Although the binding interfaces of Hdm2 and Hdm4 on p53 are similar, small molecule drugs such as Nutlin3a have different inhibitory effects. Nutlin3a does not disrupt Hdm4-p53 binding and is a poorer inhibitor of Hdm4 compared to Hdm2 [24,25]. However, knocking Hdm4 down using siRNA reactivates the p53 activity via p21, suggesting a restoration of its transactivation function [24]. Some small molecule drugs that reactivate p53 function act independently of Hdm2 and Hdm4. For example, RITA (reactivation of p53 and induction of tumor cell apoptosis) is genotoxic and acts by refolding the conformation of a mutant p53 [26]. Classes of small-molecule drugs with promising clinical outcomes include imidazolines, spiro-oxindoles, piperidines, quinacridones, and benzodiazepines. Notably, two new drugs need to be developed, including one approved for cardiovascular disease treatment, ezetimibe, a beta-lactam compound of azetidine-2-one class, and alrizomadlin [23,27,28]. Table 2 lists some examples. Some of these drugs have a remarkable impact on outcomes from checkpoint inhibitor treatment, which will be discussed later in the current study.
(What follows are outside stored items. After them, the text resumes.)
lemma cstep_covers_critical_pair:
  assumes cst: "cstep D R Solve A A'" and rl: "(l, r, cs) \<in> R" and q: "q \<in> states A"
    and \<tau>: "\<tau> \<in> matching D A l q" and \<sigma>': "\<sigma>' \<in> Solve \<tau> A cs"
  obtains \<sigma>'' where "tle D (absT D \<sigma>' r) (absT D \<sigma>'' r)" "run D A' (absT D \<sigma>'' r) q"
proof (cases "\<exists>\<sigma>''. tle D (absT D \<sigma>' r) (absT D \<sigma>'' r) \<and> run D A (absT D \<sigma>'' r) q")
  case True
  then obtain \<sigma>'' where "tle D (absT D \<sigma>' r) (absT D \<sigma>'' r)" "run D A (absT D \<sigma>'' r) q"
    by blast
  then show ?thesis
    using that run_mono[OF _ cstep_trans_mono[OF cst]] by blast
next
  case False
  then have "\<sigma>' \<in> omega D Solve A (l, r, cs) q"
    unfolding omega_def using \<tau> \<sigma>' by blast
  then have "((l, r, cs), q, absT D \<sigma>' r) \<in> cpairs D R Solve A"
    unfolding cpairs_def using rl q by auto
  then show ?thesis
    using that tle_refl cstep_runs_critical_pair[OF cst] by fastforce
qed

lemma cstep_simulates_rule_at_root:
  fixes \<sigma> :: "'v \<Rightarrow> ('f,'o,'d,'v) trm"
  assumes vd: "valid_dom D" and ss: "sound_solver D Solve" and ct: "ctrs R" and ll: "left_linear R"
    and A: "trans_in_states A" and cst: "cstep D R Solve A A'"
    and rl: "(l, r, cs) \<in> R" and gr: "\<forall>x. ground (\<sigma> x)" and ch: "conds_hold D \<sigma> cs"
    and apl: "approx D (subst \<sigma> l) b" and run: "run D A b q"
  shows "\<exists>b'. approx D (subst \<sigma> r) b' \<and> run D A' b' q"
proof -
  have l: "\<forall>x. l \<noteq> V x" "passive_trm l" "linear l" and vr: "vars r \<subseteq> vars l"
    and cs: "\<forall>c\<in>set cs. \<forall>t\<in>set (snd c). nopassive_trm t \<and> vars t \<subseteq> vars l"
    using ct ll rl unfolding ctrs_def left_linear_def by fastforce+
  then have "cvars cs \<subseteq> vars l"
    unfolding cvars_def by blast
  have "q \<in> states A"
    using run_target_in_states[OF run A] apl l(1,2) by (cases l) (auto elim: approx_FnE)
  obtain \<tau> bx where \<tau>: "\<tau> \<in> matching D A l q"
    and bx: "\<forall>x\<in>vars l. approx D (\<sigma> x) (bx x) \<and> run D A (bx x) (\<tau> x)"
    using approx_run_imp_matching[OF l(2,3) apl run] unfolding matching_def by blast
  obtain \<sigma>' where \<sigma>': "\<sigma>' \<in> Solve \<tau> A cs"
    "\<forall>x. if x \<in> cvars cs then \<exists>l. \<sigma>' x = Cn l \<and> alpha D (cval (ceval D (\<sigma> x))) \<le> l
         else \<sigma>' x = V (\<tau> x)"
    using sound_solver_instance[OF vd ss gr ch] bx \<open>cvars cs \<subseteq> vars l\<close> by blast
  obtain \<sigma>'' where \<sigma>'': "tle D (absT D \<sigma>' r) (absT D \<sigma>'' r)" "run D A' (absT D \<sigma>'' r) q"
    using cstep_covers_critical_pair[OF cst rl \<open>q \<in> states A\<close> \<tau> \<sigma>'(1)] by blast
  have "\<forall>x\<in>vars r. if x \<in> cvars cs
      then interp (\<sigma> x) \<and> (\<exists>l. \<sigma>' x = Cn l \<and> alpha D (cval (ceval D (\<sigma> x))) \<le> l)
      else \<sigma>' x = V (\<tau> x) \<and> approx D (\<sigma> x) (bx x)"
    using \<sigma>'(2) bx vr interp_if_cvar[OF _ gr ch] cs by auto
  then have "approx D (subst \<sigma> r) (absT D (\<lambda>x. if x \<in> cvars cs then \<sigma>'' x else bx x) r)"
    using approx_subst_absT[OF vd \<sigma>''(1)] by blast
  moreover have "run D A' (absT D (\<lambda>x. if x \<in> cvars cs then \<sigma>'' x else bx x) r) q"
  proof (rule run_absT_replug[OF \<sigma>''])
    show "\<forall>x\<in>vars r. x \<notin> cvars cs \<longrightarrow> \<sigma>' x = V (\<tau> x) \<and> run D A' (bx x) (\<tau> x)"
      using \<sigma>'(2) bx vr run_mono[OF _ cstep_trans_mono[OF cst]] by (metis subsetD)
  qed
  ultimately show ?thesis
    by blast
qed

lemma cstep_simulates_rstep:
  fixes s t :: "('f,'o,'d,'v) trm" and R :: "('f,'o,'d,'v) crule set"
  assumes vd: "valid_dom D" and ss: "sound_solver D Solve" and ct: "ctrs R" and ll: "left_linear R"
    and A: "trans_in_states A" and cst: "cstep D R Solve A A'"
    and st: "rstep D R s t" and s: "approx D s b" "run D A b q"
  shows "t \<in> lang D A' q"
proof -
  obtain l r cs \<sigma> s' where rl: "(l, r, cs) \<in> R" "\<forall>x. ground (\<sigma> x)" "conds_hold D \<sigma> cs"
    and ctx: "ctx_rep (subst \<sigma> l) (subst \<sigma> r) s s'" and t: "t = ceval D s'"
    using st unfolding rstep_def by blast
  have "\<not> interp (subst \<sigma> l)"
    using ct rl(1) unfolding ctrs_def by (cases l) auto
  then obtain b' where "approx D s' b'" "run D A' b' q"
    using approx_run_ctx_rep[OF ctx _ cstep_trans_mono[OF cst]] s
      cstep_simulates_rule_at_root[OF vd ss ct ll A cst rl] by blast
  then show ?thesis
    unfolding t by (rule ceval_in_lang[OF vd])
qed

section \<open>Completion steps as simulations\<close>

definition run_simulation :: "('d,'o,'l::complete_lattice) absdom \<Rightarrow> ('f,'o,'l,'q) lta
     \<Rightarrow> ('f,'o,'l,'q) lta \<Rightarrow> ('q \<Rightarrow> 'q) \<Rightarrow> bool" where
  "run_simulation D A A' h \<longleftrightarrow>
     (\<forall>t q. ground t \<longrightarrow> run D A t q \<longrightarrow> run D A' t (h q)) \<and> h ` finals A \<subseteq> finals A'"

lemma run_simulation_id:
  assumes "trans A \<subseteq> trans A'" "finals A \<subseteq> finals A'"
  shows "run_simulation D A A' id"
  unfolding run_simulation_def using assms(2) by (simp add: run_mono[OF _ assms(1)])

lemma run_simulation_comp:
  "run_simulation D A B h \<Longrightarrow> run_simulation D B C g \<Longrightarrow> run_simulation D A C (g \<circ> h)"
  unfolding run_simulation_def by (auto simp: image_comp) blast

lemma lang_run_simulation:
  assumes "valid_dom D" "run_simulation D A A' h" "t \<in> lang D A q"
  shows "t \<in> lang D A' (h q)"
proof -
  obtain b where b: "ground t" "tle D (absT D (\<lambda>_. undefined) t) b" "run D A b q"
    using assms(3) unfolding lang_def by blast
  then have "ground b"
    using approx_ground tle_absT_imp_approx[OF assms(1)] by blast
  then have "run D A' b (h q)"
    using assms(2) b(3) unfolding run_simulation_def by blast
  then show ?thesis
    using b(1,2) unfolding lang_def by blast
qed

lemma lang_A_run_simulation:
  assumes "valid_dom D" "run_simulation D A A' h"
  shows "lang_A D A \<subseteq> lang_A D A'"
proof
  fix t assume "t \<in> lang_A D A"
  then obtain q where "q \<in> finals A" "t \<in> lang D A q"
    unfolding lang_A_def by blast
  then show "t \<in> lang_A D A'"
    using lang_run_simulation[OF assms] assms(2) unfolding lang_A_def run_simulation_def by blast
qed

lemma ren_tr_in_rename: "t \<in> trans A \<Longrightarrow>
    ren_tr (\<lambda>x. if x = q1 then q2 else x) t \<in> trans (rename q1 q2 A)"
  unfolding rename_def Let_def by simp

lemma run_rename:
  assumes "run D A t q" "ground t"
  shows "run D (rename q1 q2 A) t ((\<lambda>x. if x = q1 then q2 else x) q)"
  using assms
proof (induction rule: run.induct)
  case (run_E t qa qb)
  have "TE ((\<lambda>x. if x = q1 then q2 else x) qa) ((\<lambda>x. if x = q1 then q2 else x) qb)
      \<in> trans (rename q1 q2 A)"
    using ren_tr_in_rename[OF run_E.hyps(2), of q1 q2] by simp
  with run_E.IH[OF run_E.prems] show ?case
    by (rule run.run_E)
next
  case (run_F f qs q ts)
  moreover have "list_all2 (run D (rename q1 q2 A)) ts (map (\<lambda>x. if x = q1 then q2 else x) qs)"
    using run_F by (auto simp: list_all2_conv_all_nth ground_def)
  ultimately show ?case
    using ren_tr_in_rename[OF run_F.hyps(1), of q1 q2] by (auto intro: run.run_F)
next
  case (run_O g qs q ts)
  moreover have "list_all2 (run D (rename q1 q2 A)) ts (map (\<lambda>x. if x = q1 then q2 else x) qs)"
    using run_O by (auto simp: list_all2_conv_all_nth ground_def)
  ultimately show ?case
    using ren_tr_in_rename[OF run_O.hyps(1), of q1 q2] by (auto intro: run.run_O)
next
  case (run_L l q u)
  then show ?case
    using ren_tr_in_rename[OF run_L.hyps(1), of q1 q2] by (auto intro: run.run_L)
qed (simp add: ground_def)

lemma run_simulation_rename:
  "run_simulation D A (rename q1 q2 A) (\<lambda>x. if x = q1 then q2 else x)"
  unfolding run_simulation_def
proof
  show "\<forall>t q. ground t \<longrightarrow> run D A t q \<longrightarrow> run D (rename q1 q2 A) t (if q = q1 then q2 else q)"
    by (intro allI impI) (rule run_rename)
  show "(\<lambda>x. if x = q1 then q2 else x) ` finals A \<subseteq> finals (rename q1 q2 A)"
    by (simp add: rename_def Let_def)
qed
4. Comparative Evaluation of the Chemical Classes

The discovery of a highly potent drug targeting the p53-Hdm2/Hdm4 interface with a Kd < 100 nmoles is a significant scientific achievement and a challenging endeavor.
Advanced drugs targeting the Mdm2/Mdm4–p53 complexes fall in the imidazoline, piperidinone, and Spiro oxindole chemical classes. Imidazolidines, represented by Nutlin-3a or idasanutlin, were the first small-molecule drugs shown to disrupt the interaction between p53 and Hdm2. Nutlins fit into the three hydrophobic pockets of the Mdm2 p53-binding site characterized by Phe19, Trp 23, and Leu26. They stabilize p53 and reactivate the p53 pathway, inducing cell cycle arrest and apoptosis in p53WT cells [29]. Nutlin-3a, which has been extensively studied in clinical settings, proved to have poor pharmacokinetics, although it played critical roles in establishing the concept of disrupting the p53-Mdm2 interaction as a therapeutic strategy. Consequently, it was further developed into RG7112, which has shown an ability to activate the p53 pathway and observable efficacy in solid and hematological tumors after oral administration. RG7112 had an IC50 of 0.4 mM by 3-(4,5-dimethylthiazol-2-yl)-2,5-diphenyl-tetrazolium bromide (MTT) compared to Nutlin-3a IC50 of 1.5 mM. By HTRF, RG7112 IC50 was 0.018 mM compared to nutlin-3a IC50 of 0.088 mM. Furthermore, the drug selectivity of RG7112 was doubled by modifying nutlin-3a, and the activation of the p53 pathway was observed in this Phase I clinical study. RG7112 also exhibited improved pharmacokinetics in terms of bioavailability and half-life [30]. RG7112 as a monotherapy has been studied in many Phase I trials on hematologic neoplasms, neoplasms, chronic myelogenous leukemia, acute myelogenous leukemia, essential thrombocytopenia, and sarcomas [31]. RG7112 is regarded as the most potent derivative of the original nutlin core. Overall, the RG7112 Phase I clinical study of 116 participants as a monotherapy showed better efficacy and safety, with three dose-limiting toxicities reported [32].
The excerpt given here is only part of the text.